====== Data for the task ======

lemma pointwise_le_iff_card_less:
  fixes f g :: "nat \<Rightarrow> int"
  assumes sf: "strict_mono_on {M1<..L1} f" and sg: "strict_mono_on {M2<..L2} g"
    and M: "M2 \<le> M1" and L: "L2 \<le> L1"
  shows "(\<forall>r. M1 < r \<and> r \<le> L2 \<longrightarrow> f r \<le> g r) \<longleftrightarrow>
         (\<forall>v. card {r\<in>{M2<..L2}. g r < v} \<le> card {r\<in>{M1<..L1}. f r < v} + (M1 - M2))"
proof
  assume "\<forall>r. M1 < r \<and> r \<le> L2 \<longrightarrow> f r \<le> g r"
  then show "\<forall>v. card {r\<in>{M2<..L2}. g r < v} \<le> card {r\<in>{M1<..L1}. f r < v} + (M1 - M2)"
    using card_less_le_if_pointwise_le[OF sf M L] by blast
next
  assume C: "\<forall>v. card {r\<in>{M2<..L2}. g r < v} \<le> card {r\<in>{M1<..L1}. f r < v} + (M1 - M2)"
  show "\<forall>r. M1 < r \<and> r \<le> L2 \<longrightarrow> f r \<le> g r"
  proof (intro allI impI, rule ccontr)
    fix r assume r: "M1 < r \<and> r \<le> L2" and nle: "\<not> f r \<le> g r"
    have "{r'\<in>{M1<..L1}. f r' < f r} = {M1<..<r}"
    proof (intro equalityI subsetI)
      fix r' assume "r' \<in> {r'\<in>{M1<..L1}. f r' < f r}"
      then show "r' \<in> {M1<..<r}" using strict_mono_on_less[OF sf, of r' r] r L by auto
    next
      fix r' assume "r' \<in> {M1<..<r}"
      then show "r' \<in> {r'\<in>{M1<..L1}. f r' < f r}" using strict_mono_on_less[OF sf, of r' r] r L by auto
    qed
    then have c1: "card {r'\<in>{M1<..L1}. f r' < f r} = r - M1 - 1" by simp
    have c2: "r - M2 \<le> card {r'\<in>{M2<..L2}. g r' < f r}"
      using card_less_ge[OF sg, of r "f r"] r M nle by auto
    show False using C[rule_format, of "f r"] c1 c2 r M by linarith
  qed
qed

definition enum :: "int set \<Rightarrow> nat \<Rightarrow> int" where
  "enum X p = sorted_list_of_set X ! p"

lemma enum_mono:
  assumes "finite X" "p < q" "q < card X"
  shows "enum X p < enum X q"
  unfolding enum_def using assms
  by (intro sorted_wrt_nth_less[where P="(<)"]) (auto simp: strict_sorted_list_of_set)

lemma enum_in:
  assumes "finite X" "p < card X"
  shows "enum X p \<in> X"
  unfolding enum_def using assms by (metis length_sorted_list_of_set nth_mem set_sorted_list_of_set)

lemma enum_image:
  assumes "finite X"
  shows "enum X ` {..<card X} = X"
proof (intro equalityI subsetI)
  fix s assume "s \<in> enum X ` {..<card X}" then show "s \<in> X" using enum_in assms by auto
next
  fix s assume "s \<in> X" then have "s \<in> set (sorted_list_of_set X)" using assms by simp
  then obtain p where "p < length (sorted_list_of_set X)" "sorted_list_of_set X ! p = s"
    by (metis in_set_conv_nth)
  then show "s \<in> enum X ` {..<card X}" by (auto simp: enum_def)
qed

lemma enum_of_image:
  assumes s: "\<And>p q. p < q \<Longrightarrow> q < k \<Longrightarrow> f p < (f q :: int)" and p: "p < k"
  shows "enum (f ` {..<k}) p = f p"
proof -
  have inj: "inj_on f {..<k}"
    by (rule inj_onI) (metis lessThan_iff linorder_neqE_nat s order_less_irrefl)
  have sw: "sorted_wrt (<) (map f [0..<k])"
    unfolding sorted_wrt_iff_nth_less by (auto intro: s)
  have "sorted_list_of_set (f ` {..<k}) = map f [0..<k]"
    using sw inj by (subst sorted_list_of_set_unique[symmetric]) (auto simp: card_image)
  then show ?thesis using p unfolding enum_def by simp
qed

text \<open>Column \<open>i + 1\<close> of the diagram (columns are indexed from \<open>0\<close> here) consists of the rows
  \<open>M i < r \<le> L i\<close>; cell \<open>(r, j)\<close> has content \<open>j - r + K\<close>, and \<open>ctop i\<close>, \<open>cbot i\<close> are the contents of
  the top and bottom cell of column \<open>i + 1\<close>.\<close>
locale column_shape =
  fixes n :: nat and M L :: "nat \<Rightarrow> nat" and K :: int and a b :: "nat \<Rightarrow> int"
    and \<phi> :: "int \<Rightarrow> int \<Rightarrow> 'a::comm_ring_1"
  assumes M_le_L: "\<And>i. M i \<le> L i"
    and M_antimono: "\<And>i. M (Suc i) \<le> M i" and L_antimono: "\<And>i. L (Suc i) \<le> L i"

begin

definition cells :: "(nat \<times> nat) set" where
  "cells = {(r, Suc i) | r i. i < n \<and> M i < r \<and> r \<le> L i}"

definition ctop :: "nat \<Rightarrow> int" where "ctop i = int (Suc i) - int (M i) - 1 + K"

definition cbot :: "nat \<Rightarrow> int" where "cbot i = int (Suc i) - int (L i) + K"

definition a0 :: "nat \<Rightarrow> int" where "a0 i = a (Suc i)"

definition b0 :: "nat \<Rightarrow> int" where "b0 i = b (Suc i)"

definition col_set :: "(nat \<times> nat \<Rightarrow> int) \<Rightarrow> nat \<Rightarrow> int set" where
  "col_set T i = (\<lambda>r. T (r, Suc i)) ` {M i<..L i}"

definition nonmeeting_cols :: "(nat \<Rightarrow> int set) set" where
  "nonmeeting_cols = {S \<in> PiE {0..<n} (\<lambda>i. ksubsets (a0 i) (b0 i) (ctop i - cbot i + 1)).
     \<forall>i v. Suc i < n \<longrightarrow>
       ctop i - int (count_below (S i) v) < ctop (Suc i) - int (count_below (S (Suc i)) v)}"

definition cols_of :: "(nat \<times> nat \<Rightarrow> int) \<Rightarrow> nat \<Rightarrow> int set" where
  "cols_of T = restrict (col_set T) {0..<n}"

definition tab_of :: "(nat \<Rightarrow> int set) \<Rightarrow> nat \<times> nat \<Rightarrow> int" where
  "tab_of S = (\<lambda>(r, col). if (r, col) \<in> cells then enum (S (col - 1)) (r - M (col - 1) - 1) else 0)"

lemma cells_iff: "(r, Suc i) \<in> cells \<longleftrightarrow> i < n \<and> M i < r \<and> r \<le> L i"
  unfolding cells_def by auto

lemma cellsE: "c \<in> cells \<Longrightarrow> (\<And>r i. c = (r, Suc i) \<Longrightarrow> i < n \<Longrightarrow> M i < r \<Longrightarrow> r \<le> L i \<Longrightarrow> P) \<Longrightarrow> P"
  unfolding cells_def by auto

lemma col_strict_mono_on:
  assumes T: "flagged_ssyt cells a b T" and i: "i < n"
  shows "strict_mono_on {M i<..L i} (\<lambda>r. T (r, Suc i))"
proof (rule strict_mono_onI)
  fix p q assume "p \<in> {M i<..L i}" "q \<in> {M i<..L i}" "p < q"
  then have pq: "M i < p" "p < q" "q \<le> L i" by auto
  then show "T (p, Suc i) < T (q, Suc i)"
  proof (induction q)
    case 0 then show ?case by simp
  next
    case (Suc q)
    have step: "T (q, Suc i) < T (Suc q, Suc i)"
      using T Suc.prems i unfolding flagged_ssyt_def by (auto simp: cells_iff)
    show ?case
    proof (cases "p = q")
      case True then show ?thesis using step by simp
    next
      case False then show ?thesis using Suc step by simp
    qed
  qed
qed

lemma count_below_col_set:
  assumes s: "strict_mono_on {M i<..L i} (\<lambda>r. T (r, Suc i))"
  shows "count_below (col_set T i) v = card {r\<in>{M i<..L i}. T (r, Suc i) < v}"
proof -
  have inj: "inj_on (\<lambda>r. T (r, Suc i)) {M i<..L i}"
    using s by (rule strict_mono_on_imp_inj_on)
  have "{t \<in> col_set T i. t < v} = (\<lambda>r. T (r, Suc i)) ` {r\<in>{M i<..L i}. T (r, Suc i) < v}"
    unfolding col_set_def by auto
  moreover have "inj_on (\<lambda>r. T (r, Suc i)) {r\<in>{M i<..L i}. T (r, Suc i) < v}"
    using inj by (rule inj_on_subset) auto
  ultimately show ?thesis unfolding count_below_def by (simp add: card_image)
qed

lemma card_col_set:
  assumes s: "strict_mono_on {M i<..L i} (\<lambda>r. T (r, Suc i))"
  shows "card (col_set T i) = L i - M i"
proof -
  have inj: "inj_on (\<lambda>r. T (r, Suc i)) {M i<..L i}"
    using s by (rule strict_mono_on_imp_inj_on)
  then show ?thesis unfolding col_set_def by (simp add: card_image)
qed

lemma col_set_ksubsets:
  assumes T: "flagged_ssyt cells a b T" and i: "i < n"
  shows "col_set T i \<in> ksubsets (a0 i) (b0 i) (ctop i - cbot i + 1)"
proof -
  have "col_set T i \<subseteq> {a0 i..b0 i}"
    using T i unfolding col_set_def flagged_ssyt_def a0_def b0_def by (force simp: cells_iff)
  moreover have "int (card (col_set T i)) = ctop i - cbot i + 1"
    using card_col_set[OF col_strict_mono_on[OF T i]] M_le_L[of i]
      by (simp add: ctop_def cbot_def of_nat_diff)
  ultimately show ?thesis by (simp add: ksubsets_def)
qed

lemma row_weak_iff_heights_less:
  assumes T: "\<And>i. i < n \<Longrightarrow> strict_mono_on {M i<..L i} (\<lambda>r. T (r, Suc i))" and i: "Suc i < n"
  shows "(\<forall>r. (r, Suc i) \<in> cells \<and> (r, Suc (Suc i)) \<in> cells \<longrightarrow> T (r, Suc i) \<le> T (r, Suc (Suc i)))
     \<longleftrightarrow> (\<forall>v. ctop i - int (count_below (col_set T i) v)
       < ctop (Suc i) - int (count_below (col_set T (Suc i)) v))"
proof -
  have s1: "strict_mono_on {M i<..L i} (\<lambda>r. T (r, Suc i))"
    and s2: "strict_mono_on {M (Suc i)<..L (Suc i)} (\<lambda>r. T (r, Suc (Suc i)))"
    using T i by auto
  have lhs: "(\<forall>r. (r, Suc i) \<in> cells \<and> (r, Suc (Suc i)) \<in> cells \<longrightarrow> T (r, Suc i) \<le> T (r, Suc (Suc i)))
      \<longleftrightarrow> (\<forall>r. M i < r \<and> r \<le> L (Suc i) \<longrightarrow> T (r, Suc i) \<le> T (r, Suc (Suc i)))"
    using i M_antimono[of i] L_antimono[of i] by (auto simp: cells_iff)
  have rhs: "(\<forall>v. ctop i - int (count_below (col_set T i) v)
    < ctop (Suc i) - int (count_below (col_set T (Suc i)) v))
      \<longleftrightarrow> (\<forall>v. card {r\<in>{M (Suc i)<..L (Suc i)}. T (r, Suc (Suc i)) < v}
        \<le> card {r\<in>{M i<..L i}. T (r, Suc i) < v} + (M i - M (Suc i)))"
  proof -
    have "int (Suc i) - int (M i) - 1 + K - int B < int (Suc (Suc i)) - int (M (Suc i)) - 1 + K - int A
        \<longleftrightarrow> A \<le> B + (M i - M (Suc i))" for A B
      using M_antimono[of i] by linarith
    then show ?thesis
      unfolding count_below_col_set[OF s1] count_below_col_set[OF s2] ctop_def by presburger
  qed
  show ?thesis unfolding lhs rhs by (rule pointwise_le_iff_card_less[OF s1 s2 M_antimono L_antimono])
qed

lemma shift_image: "(\<lambda>r. r - mm - 1) ` {mm<..ll} = {..<ll - (mm::nat)}"
proof (intro equalityI subsetI)
  fix p assume "p \<in> (\<lambda>r. r - mm - 1) ` {mm<..ll}" then show "p \<in> {..<ll - mm}" by auto
next
  fix p assume "p \<in> {..<ll - mm}"
  then have "p + mm + 1 \<in> {mm<..ll}" "p = (p + mm + 1) - mm - 1" by auto
  then show "p \<in> (\<lambda>r. r - mm - 1) ` {mm<..ll}" by blast
qed

lemma shift_image2: "(\<lambda>p. mm + 1 + p) ` {..<ll - mm} = {mm<..(ll::nat)}" if "mm \<le> ll"
proof (intro equalityI subsetI)
  fix r assume "r \<in> (\<lambda>p. mm + 1 + p) ` {..<ll - mm}" then show "r \<in> {mm<..ll}" by auto
next
  fix r assume "r \<in> {mm<..ll}"
  then have "r - mm - 1 \<in> {..<ll - mm}" "r = mm + 1 + (r - mm - 1)" by auto
  then show "r \<in> (\<lambda>p. mm + 1 + p) ` {..<ll - mm}" by blast
qed

lemma prod_cells_eq_prod_path_weight:
  assumes T: "flagged_ssyt cells a b T"
  shows "(\<Prod>c\<in>cells. \<phi> (T c) (int (snd c) - int (fst c) + K))
    = (\<Prod>i=0..<n. path_weight \<phi> (ctop i) (col_set T i))"
proof -
  have cells_eq: "cells = (\<lambda>(i, r). (r, Suc i)) ` (SIGMA i:{0..<n}. {M i<..L i})"
    unfolding cells_def by auto
  have inj: "inj_on (\<lambda>(i, r). (r, Suc i)) (SIGMA i:{0..<n}. {M i<..L i})"
    by (auto simp: inj_on_def)
  have "(\<Prod>c\<in>cells. \<phi> (T c) (int (snd c) - int (fst c) + K))
      = (\<Prod>ir\<in>(SIGMA i:{0..<n}. {M i<..L i}). \<phi> (T (snd ir, Suc (fst ir))) (int (Suc (fst ir))
        - int (snd ir) + K))"
    unfolding cells_eq by (subst prod.reindex[OF inj]) (simp add: case_prod_unfold)
  also have "\<dots> = (\<Prod>i=0..<n. \<Prod>r\<in>{M i<..L i}. \<phi> (T (r, Suc i)) (int (Suc i) - int r + K))"
    by (subst prod.Sigma) (auto simp: case_prod_unfold)
  also have "\<dots> = (\<Prod>i=0..<n. path_weight \<phi> (ctop i) (col_set T i))"
  proof (intro prod.cong refl)
    fix i assume i: "i \<in> {0..<n}"
    have s: "strict_mono_on {M i<..L i} (\<lambda>r. T (r, Suc i))" using col_strict_mono_on[OF T] i by auto
    have injc: "inj_on (\<lambda>r. T (r, Suc i)) {M i<..L i}"
      using s by (rule strict_mono_on_imp_inj_on)
    have nc: "int (count_below (col_set T i) (T (r, Suc i)))
      = int r - int (M i) - 1" if r: "r \<in> {M i<..L i}" for r
    proof -
      have "{r'\<in>{M i<..L i}. T (r', Suc i) < T (r, Suc i)} = {M i<..<r}"
        using strict_mono_on_less[OF s] r by auto
      then show ?thesis unfolding count_below_col_set[OF s] using r by auto
    qed
    have "path_weight \<phi> (ctop i) (col_set T i)
      = (\<Prod>r\<in>{M i<..L i}. \<phi> (T (r, Suc i)) (ctop i - int (count_below (col_set T i) (T (r, Suc i)))))"
      unfolding path_weight_def col_set_def by (subst prod.reindex[OF injc]) (simp add: col_set_def)
    also have "\<dots> = (\<Prod>r\<in>{M i<..L i}. \<phi> (T (r, Suc i)) (int (Suc i) - int r + K))"
      by (intro prod.cong refl) (simp add: nc ctop_def algebra_simps)
    finally show "(\<Prod>r\<in>{M i<..L i}. \<phi> (T (r, Suc i)) (int (Suc i) - int r + K))
      = path_weight \<phi> (ctop i) (col_set T i)" ..
  qed
  finally show ?thesis .
qed

lemma cols_of_nonmeeting:
  assumes T: "T \<in> ssyt cells a b"
  shows "cols_of T \<in> nonmeeting_cols"
proof -
  have F: "flagged_ssyt cells a b T" using T by (simp add: ssyt_def)
  have s: "\<And>i. i < n \<Longrightarrow> strict_mono_on {M i<..L i} (\<lambda>r. T (r, Suc i))" using col_strict_mono_on[OF F]
    by auto
  have "cols_of T \<in> PiE {0..<n} (\<lambda>i. ksubsets (a0 i) (b0 i) (ctop i - cbot i + 1))"
    unfolding cols_of_def using col_set_ksubsets[OF F] by auto
  moreover have "ctop i - int (count_below (cols_of T i) v)
    < ctop (Suc i) - int (count_below (cols_of T (Suc i)) v)" if i: "Suc i < n" for i v
  proof -
    have "\<forall>r. (r, Suc i) \<in> cells \<and> (r, Suc (Suc i)) \<in> cells \<longrightarrow> T (r, Suc i) \<le> T (r, Suc (Suc i))"
      using F unfolding flagged_ssyt_def by auto
    then show ?thesis using row_weak_iff_heights_less[OF s i] i by (simp add: cols_of_def)
  qed
  ultimately show ?thesis unfolding nonmeeting_cols_def by auto
qed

======

§ About this exercise: Whenever the word "open" shows up in a line above, copy that line.

§ Completed task:
text \<open>Column \<open>i + 1\<close> of the diagram (columns are indexed from \<open>0\<close> here) consists of the rows
  \<open>M i < r \<le> L i\<close>; cell \<open>(r, j)\<close> has content \<open>j - r + K\<close>, and \<open>ctop i\<close>, \<open>cbot i\<close> are the contents of
  the top and bottom cell of column \<open>i + 1\<close>.\<close>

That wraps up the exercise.